Automatic learning mechanisms for flexible human locomotion

  1. Department of Neuroscience, The Johns Hopkins University School of Medicine, Baltimore, USA
  2. Center for Movement Studies, Kennedy Krieger Institute, Baltimore, USA
  3. Division of Biokinesiology and Physical Therapy, University of Southern California, Los Angeles, USA
  4. Neuroscience Graduate Program, University of Southern California, Los Angeles, USA
  5. Department of Physical Medicine and Rehabilitation, The Johns Hopkins University School of Medicine, Baltimore, USA

Peer review process

Not revised: This Reviewed Preprint includes the authors’ original preprint (without revision), an eLife assessment, and public reviews.

Read more about eLife’s peer review process.

Editors

  • Reviewing Editor
    Tamar Makin
    University of Cambridge, Cambridge, United Kingdom
  • Senior Editor
    Tamar Makin
    University of Cambridge, Cambridge, United Kingdom

Reviewer #1 (Public review):

Summary:

Rossi et al. asked whether gait adaptation is solely a matter of slow perceptual realignment or if it also involves fast/flexible stimulus-response mapping mechanisms. To test this, they conducted a series of split-belt treadmill experiments with ramped perturbations, revealing behavior indicative of a flexible, automatic stimulus-response mapping mechanism.

Strengths:

(1) The study includes a perceptual test of leg speed, which correlates with the perceptual realignment component of motor aftereffects. This indicates that there are motor performances that are not accounted for by perceptual re-alignment.

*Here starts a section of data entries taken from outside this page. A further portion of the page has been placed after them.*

(* Let $X$ be a separated metric compact Hausdorff space. Consider the assignments $\mathrm{Quot}(X)\to\mathrm{Subm}(X)$, $(f\colon X\twoheadrightarrow Y)\mapsto\kappa_f$, and $\mathrm{Subm}(X)\to\mathrm{Quot}(X)$, $\gamma\mapsto(p_\gamma\colon X\twoheadrightarrow X/{\sim_\gamma})$. These form a dual equivalence between the preordered class $\mathrm{Quot}(X)$ and the poset $\mathrm{Subm}(X)$: both are order-reversing, for all $f\in\mathrm{Quot}(X)$ and $\gamma\in\mathrm{Subm}(X)$ one has $\kappa_f\le\gamma$ iff $p_\gamma\le f$, $\kappa_{p_\gamma}=\gamma$, and $p_{\kappa_f}$ is isomorphic to $f$ (i.e. $p_{\kappa_f}\le f\le p_{\kappa_f}$). Consequently the poset $\tilde{\mathbf{Q}}(X)$ of quotient objects of $X$ is dually isomorphic to $\mathrm{Subm}(X)$.
   Context: A metric on a set $X$ is a map $d\colon X\times X\to[0,\infty]$ with $d(x,x)=0$ and $d(x,z)\le d(x,y)+d(y,z)$ (not necessarily symmetric, $\infty$ allowed); separated means $d(x,y)=0=d(y,x)$ implies $x=y$. The upper topology on $[0,\infty]$ has as nonempty proper open sets the sets $]u,\infty]$. A separated metric compact Hausdorff space is a compact Hausdorff space with a separated metric continuous $X\times X\to[0,\infty]$ for the upper topology; $\mathbf{MetCH_{sep}}$ is the category of these with continuous non-expansive maps. $\mathrm{Quot}(X)$ is the class of surjective morphisms of $\mathbf{MetCH_{sep}}$ with domain $X$, preordered by $f\le g$ iff there is a morphism $h$ with $h\circ f=g$; $\tilde{\mathbf{Q}}(X)$ is the poset obtained by identifying $f,g$ with $f\le g\le f$. For $f\colon X\to Y$, the kernel metric is $\kappa_f(x_1,x_2)=d_Y(f(x_1),f(x_2))$. $\mathrm{Subm}(X)$ is the set of continuous submetrics on $X$: (not necessarily separated) metrics $\gamma$ on $X$ continuous $X\times X\to[0,\infty]$ for the upper topology with $\gamma\le d$ pointwise, ordered pointwise. For $\gamma\in\mathrm{Subm}(X)$, $x\sim_\gamma y$ iff $\gamma(x,y)=\gamma(y,x)=0$; $X/{\sim_\gamma}$ carries the quotient topology and the metric $([x],[y])\mapsto\gamma(x,y)$, and $p_\gamma\colon X\to X/{\sim_\gamma}$ is the projection, a surjective morphism of $\mathbf{MetCH_{sep}}$. *)

theory Defs
  imports "HOL-Analysis.Analysis" "HOL-Library.Extended_Nonnegative_Real"
begin

text \<open>Distances take values in [0,\<infinity>], modelled by ennreal.
  The upper topology on [0,\<infinity>]: open sets are UNIV and the sets ]u,\<infinity>]
  (u = \<infinity> gives the empty set).\<close>

definition upper_topology :: "ennreal topology" where
  "upper_topology = topology (\<lambda>U. U = UNIV \<or> (\<exists>u. U = {u<..}))"

text \<open>A (not necessarily symmetric, possibly infinite) metric on the carrier S.\<close>
definition is_metric :: "'a set \<Rightarrow> ('a \<Rightarrow> 'a \<Rightarrow> ennreal) \<Rightarrow> bool" where
  "is_metric S d \<longleftrightarrow> (\<forall>x\<in>S. d x x = 0) \<and>
     (\<forall>x\<in>S. \<forall>y\<in>S. \<forall>z\<in>S. d x z \<le> d x y + d y z)"

definition separated_metric :: "'a set \<Rightarrow> ('a \<Rightarrow> 'a \<Rightarrow> ennreal) \<Rightarrow> bool" where
  "separated_metric S d \<longleftrightarrow> (\<forall>x\<in>S. \<forall>y\<in>S. d x y = 0 \<and> d y x = 0 \<longrightarrow> x = y)"

definition upper_continuous_metric :: "'a topology \<Rightarrow> ('a \<Rightarrow> 'a \<Rightarrow> ennreal) \<Rightarrow> bool" where
  "upper_continuous_metric T d \<longleftrightarrow>
     continuous_map (prod_topology T T) upper_topology (\<lambda>(x, y). d x y)"

definition metCH_sep :: "'a topology \<Rightarrow> ('a \<Rightarrow> 'a \<Rightarrow> ennreal) \<Rightarrow> bool" where
  "metCH_sep T d \<longleftrightarrow> compact_space T \<and> Hausdorff_space T \<and>
     is_metric (topspace T) d \<and> separated_metric (topspace T) d \<and>
     upper_continuous_metric T d"

definition metCH_mor ::
  "'a topology \<Rightarrow> ('a \<Rightarrow> 'a \<Rightarrow> ennreal) \<Rightarrow> 'b topology \<Rightarrow> ('b \<Rightarrow> 'b \<Rightarrow> ennreal) \<Rightarrow> ('a \<Rightarrow> 'b) \<Rightarrow> bool"
  where
  "metCH_mor T d S e f \<longleftrightarrow> metCH_sep T d \<and> metCH_sep S e \<and> continuous_map T S f \<and>
     (\<forall>x\<in>topspace T. \<forall>y\<in>topspace T. e (f x) (f y) \<le> d x y)"

text \<open>An element of Quot(X): a surjective morphism f : X \<rightarrow> (S, e), recorded
  together with its codomain.\<close>
definition in_Quot ::
  "'a topology \<Rightarrow> ('a \<Rightarrow> 'a \<Rightarrow> ennreal) \<Rightarrow> 'b topology \<times> ('b \<Rightarrow> 'b \<Rightarrow> ennreal) \<times> ('a \<Rightarrow> 'b) \<Rightarrow> bool"
  where
  "in_Quot T d q \<longleftrightarrow> (case q of (S, e, f) \<Rightarrow>
     metCH_mor T d S e f \<and> f ` topspace T = topspace S)"

definition quot_le ::
  "'a topology \<Rightarrow> 'b topology \<times> ('b \<Rightarrow> 'b \<Rightarrow> ennreal) \<times> ('a \<Rightarrow> 'b)
     \<Rightarrow> 'c topology \<times> ('c \<Rightarrow> 'c \<Rightarrow> ennreal) \<times> ('a \<Rightarrow> 'c) \<Rightarrow> bool" where
  "quot_le T q r \<longleftrightarrow> (case q of (S, e, f) \<Rightarrow> case r of (S', e', g) \<Rightarrow>
     (\<exists>h. metCH_mor S e S' e' h \<and> (\<forall>x\<in>topspace T. h (f x) = g x)))"

definition kernel_metric ::
  "'b topology \<times> ('b \<Rightarrow> 'b \<Rightarrow> ennreal) \<times> ('a \<Rightarrow> 'b) \<Rightarrow> 'a \<Rightarrow> 'a \<Rightarrow> ennreal" where
  "kernel_metric q = (case q of (S, e, f) \<Rightarrow> (\<lambda>x y. e (f x) (f y)))"

definition in_Subm :: "'a topology \<Rightarrow> ('a \<Rightarrow> 'a \<Rightarrow> ennreal) \<Rightarrow> ('a \<Rightarrow> 'a \<Rightarrow> ennreal) \<Rightarrow> bool"
  where
  "in_Subm T d \<gamma> \<longleftrightarrow> is_metric (topspace T) \<gamma> \<and> upper_continuous_metric T \<gamma> \<and>
     (\<forall>x\<in>topspace T. \<forall>y\<in>topspace T. \<gamma> x y \<le> d x y)"

definition metric_le :: "'a topology \<Rightarrow> ('a \<Rightarrow> 'a \<Rightarrow> ennreal) \<Rightarrow> ('a \<Rightarrow> 'a \<Rightarrow> ennreal) \<Rightarrow> bool"
  where
  "metric_le T \<gamma> \<delta> \<longleftrightarrow> (\<forall>x\<in>topspace T. \<forall>y\<in>topspace T. \<gamma> x y \<le> \<delta> x y)"

definition quotient_topology :: "'a topology \<Rightarrow> ('a \<Rightarrow> 'b) \<Rightarrow> 'b topology" where
  "quotient_topology X q =
     topology (\<lambda>U. U \<subseteq> q ` topspace X \<and> openin X {x \<in> topspace X. q x \<in> U})"

definition sim_rel :: "('a \<Rightarrow> 'a \<Rightarrow> ennreal) \<Rightarrow> 'a \<Rightarrow> 'a \<Rightarrow> bool" where
  "sim_rel \<gamma> x y \<longleftrightarrow> \<gamma> x y = 0 \<and> \<gamma> y x = 0"

definition proj_class :: "'a topology \<Rightarrow> ('a \<Rightarrow> 'a \<Rightarrow> ennreal) \<Rightarrow> 'a \<Rightarrow> 'a set" where
  "proj_class T \<gamma> x = {y \<in> topspace T. sim_rel \<gamma> x y}"

text \<open>The quotient X/\<sim>_gamma with quotient topology, metric ([x],[y]) \<mapsto> \<gamma>(x,y),
  and projection p_gamma.\<close>
definition p_quot ::
  "'a topology \<Rightarrow> ('a \<Rightarrow> 'a \<Rightarrow> ennreal) \<Rightarrow> 'a set topology \<times> ('a set \<Rightarrow> 'a set \<Rightarrow> ennreal) \<times> ('a \<Rightarrow> 'a set)"
  where
  "p_quot T \<gamma> =
     (quotient_topology T (proj_class T \<gamma>),
      (\<lambda>A B. \<gamma> (SOME x. x \<in> A) (SOME y. y \<in> B)),
      proj_class T \<gamma>)"

end

theory Submission
  imports Defs
begin

text \<open>A continuous submetric \<gamma> of a compact Hausdorff space X has a closed kernel relation
  \<open>\<sim>\<^sub>\<gamma>\<close>, so the projection onto X/\<open>\<sim>\<^sub>\<gamma>\<close> is a closed map and the quotient is again compact
  Hausdorff; \<gamma> descends to a separated metric on it which is continuous because its sublevel
  sets are images of the compact sublevel sets of \<gamma>. Conversely, a surjective morphism
  f : X \<rightarrow> Y from the compact space X onto the Hausdorff space Y is a quotient map, so another
  quotient g of X factors through f by a non-expansive continuous map exactly when
  \<open>\<kappa>\<^sub>g \<le> \<kappa>\<^sub>f\<close>. Together with \<open>\<kappa>\<^sub>p\<^sub>\<gamma> = \<gamma>\<close> this yields every claim.\<close>

section \<open>The upper topology on [0,\<infinity>]\<close>

lemma istopology_upper_topology:
  "istopology (\<lambda>U::ennreal set. U = UNIV \<or> (\<exists>u. U = {u<..}))"
  unfolding istopology_def
proof (intro conjI allI impI)
  fix U V :: "ennreal set"
  assume "U = UNIV \<or> (\<exists>u. U = {u<..})" "V = UNIV \<or> (\<exists>v. V = {v<..})"
  then show "U \<inter> V = UNIV \<or> (\<exists>w. U \<inter> V = {w<..})"
  proof (elim disjE exE)
    fix u v assume "U = {u<..}" "V = {v<..}"
    then have "U \<inter> V = {max u v<..}" by auto
    then show ?thesis by blast
  qed auto
next
  fix \<K> :: "ennreal set set"
  assume \<K>: "\<forall>U\<in>\<K>. U = UNIV \<or> (\<exists>u. U = {u<..})"
  show "\<Union>\<K> = UNIV \<or> (\<exists>w. \<Union>\<K> = {w<..})"
  proof (cases "UNIV \<in> \<K>")
    case False
    with \<K> have rays: "\<forall>U\<in>\<K>. \<exists>u. U = {u<..}" by metis
    have "\<Union>\<K> = {Inf {u. {u<..} \<in> \<K>}<..}"
    proof (intro set_eqI iffI)
      fix x assume "x \<in> \<Union>\<K>"
      with rays show "x \<in> {Inf {u. {u<..} \<in> \<K>}<..}"
        by (auto simp: Inf_less_iff)
    qed (auto simp: Inf_less_iff)
    then show ?thesis by blast
  qed auto
qed

lemma openin_upper_topology: "openin upper_topology U \<longleftrightarrow> U = UNIV \<or> (\<exists>u. U = {u<..})"
  unfolding upper_topology_def using istopology_upper_topology by simp

lemma topspace_upper_topology [simp]: "topspace upper_topology = UNIV"
  by (metis openin_subset openin_upper_topology top.extremum_uniqueI)

lemma continuous_map_upper_topology_iff:
  "continuous_map X upper_topology g \<longleftrightarrow> (\<forall>u. openin X {x \<in> topspace X. u < g x})"
proof
  assume g: "continuous_map X upper_topology g"
  show "\<forall>u. openin X {x \<in> topspace X. u < g x}"
  proof
    fix u :: ennreal
    show "openin X {x \<in> topspace X. u < g x}"
      using openin_continuous_map_preimage[OF g, of "{u<..}"] by (simp add: openin_upper_topology)
  qed
qed (auto simp: continuous_map_def openin_upper_topology)

lemma continuous_map_upper_topology_iff_closedin:
  "continuous_map X upper_topology g \<longleftrightarrow> (\<forall>u. closedin X {x \<in> topspace X. g x \<le> u})"
proof -
  have "topspace X - {x \<in> topspace X. g x \<le> u} = {x \<in> topspace X. u < g x}" for u
    by (auto simp: not_le)
  then show ?thesis
    unfolding continuous_map_upper_topology_iff closedin_def by simp
qed

lemma upper_continuous_metric_iff_closedin:
  "upper_continuous_metric T \<gamma> \<longleftrightarrow>
     (\<forall>u. closedin (prod_topology T T) {(x, y) \<in> topspace T \<times> topspace T. \<gamma> x y \<le> u})"
  unfolding upper_continuous_metric_def continuous_map_upper_topology_iff_closedin
  by (simp add: case_prod_unfold mem_Times_iff conj_assoc)

section \<open>Quotient topologies\<close>

lemma istopology_quotient_topology:
  "istopology (\<lambda>U. U \<subseteq> q ` topspace X \<and> openin X {x \<in> topspace X. q x \<in> U})"
proof -
  have "{x \<in> topspace X. q x \<in> U \<inter> V} = {x \<in> topspace X. q x \<in> U} \<inter> {x \<in> topspace X. q x \<in> V}"
    for U V by auto
  moreover have "{x \<in> topspace X. q x \<in> \<Union>\<K>} = (\<Union>U\<in>\<K>. {x \<in> topspace X. q x \<in> U})" for \<K>
    by auto
  ultimately show ?thesis
    unfolding istopology_def by (auto intro!: openin_Union)
qed

lemma openin_quotient_topology:
  "openin (quotient_topology X q) U \<longleftrightarrow>
     U \<subseteq> q ` topspace X \<and> openin X {x \<in> topspace X. q x \<in> U}"
  unfolding quotient_topology_def topology_inverse'[OF istopology_quotient_topology] ..

lemma topspace_quotient_topology [simp]: "topspace (quotient_topology X q) = q ` topspace X"
proof (rule antisym)
  have "{x \<in> topspace X. q x \<in> q ` topspace X} = topspace X" by auto
  then show "q ` topspace X \<subseteq> topspace (quotient_topology X q)"
    by (metis openin_quotient_topology openin_subset openin_topspace order_refl)
qed (metis openin_quotient_topology openin_topspace)

lemma quotient_map_quotient_topology: "quotient_map X (quotient_topology X q) q"
  unfolding quotient_map_def openin_quotient_topology by auto

lemma continuous_map_quotient_topology: "continuous_map X (quotient_topology X q) q"
  by (rule quotient_imp_continuous_map[OF quotient_map_quotient_topology])

lemma compact_space_quotient_topology:
  "compact_space X \<Longrightarrow> compact_space (quotient_topology X q)"
  using image_compactin[OF _ continuous_map_quotient_topology, of X "topspace X" q]
  unfolding compact_space_def by simp

lemma closedin_quotient_topology:
  assumes "U \<subseteq> q ` topspace X"
  shows "closedin (quotient_topology X q) U \<longleftrightarrow> closedin X {x \<in> topspace X. q x \<in> U}"
proof -
  have "{x \<in> topspace X. q x \<in> q ` topspace X - U} = topspace X - {x \<in> topspace X. q x \<in> U}"
    by auto
  with assms show ?thesis
    by (simp add: closedin_def openin_quotient_topology)
qed

section \<open>The quotient of a space by the kernel of a metric\<close>

definition quotient_metric :: "('a \<Rightarrow> 'a \<Rightarrow> ennreal) \<Rightarrow> 'a set \<Rightarrow> 'a set \<Rightarrow> ennreal" where
  "quotient_metric \<gamma> A B = \<gamma> (SOME x. x \<in> A) (SOME y. y \<in> B)"

lemma p_quot_eq:
  "p_quot T \<gamma> = (quotient_topology T (proj_class T \<gamma>), quotient_metric \<gamma>, proj_class T \<gamma>)"
  unfolding p_quot_def quotient_metric_def by simp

(2) They study incorporates qualitatively distinct, hypothesis-driven models of adaptation and proposes a new framework that integrates these various mechanisms.

Weaknesses:

(1) The study could benefit from considering other alternative models. As the authors noted in their discussion, while the descriptive models explain some patterns of behaviour/aftereffects, they don't currently account for how these mechanisms influence the initial learning process itself.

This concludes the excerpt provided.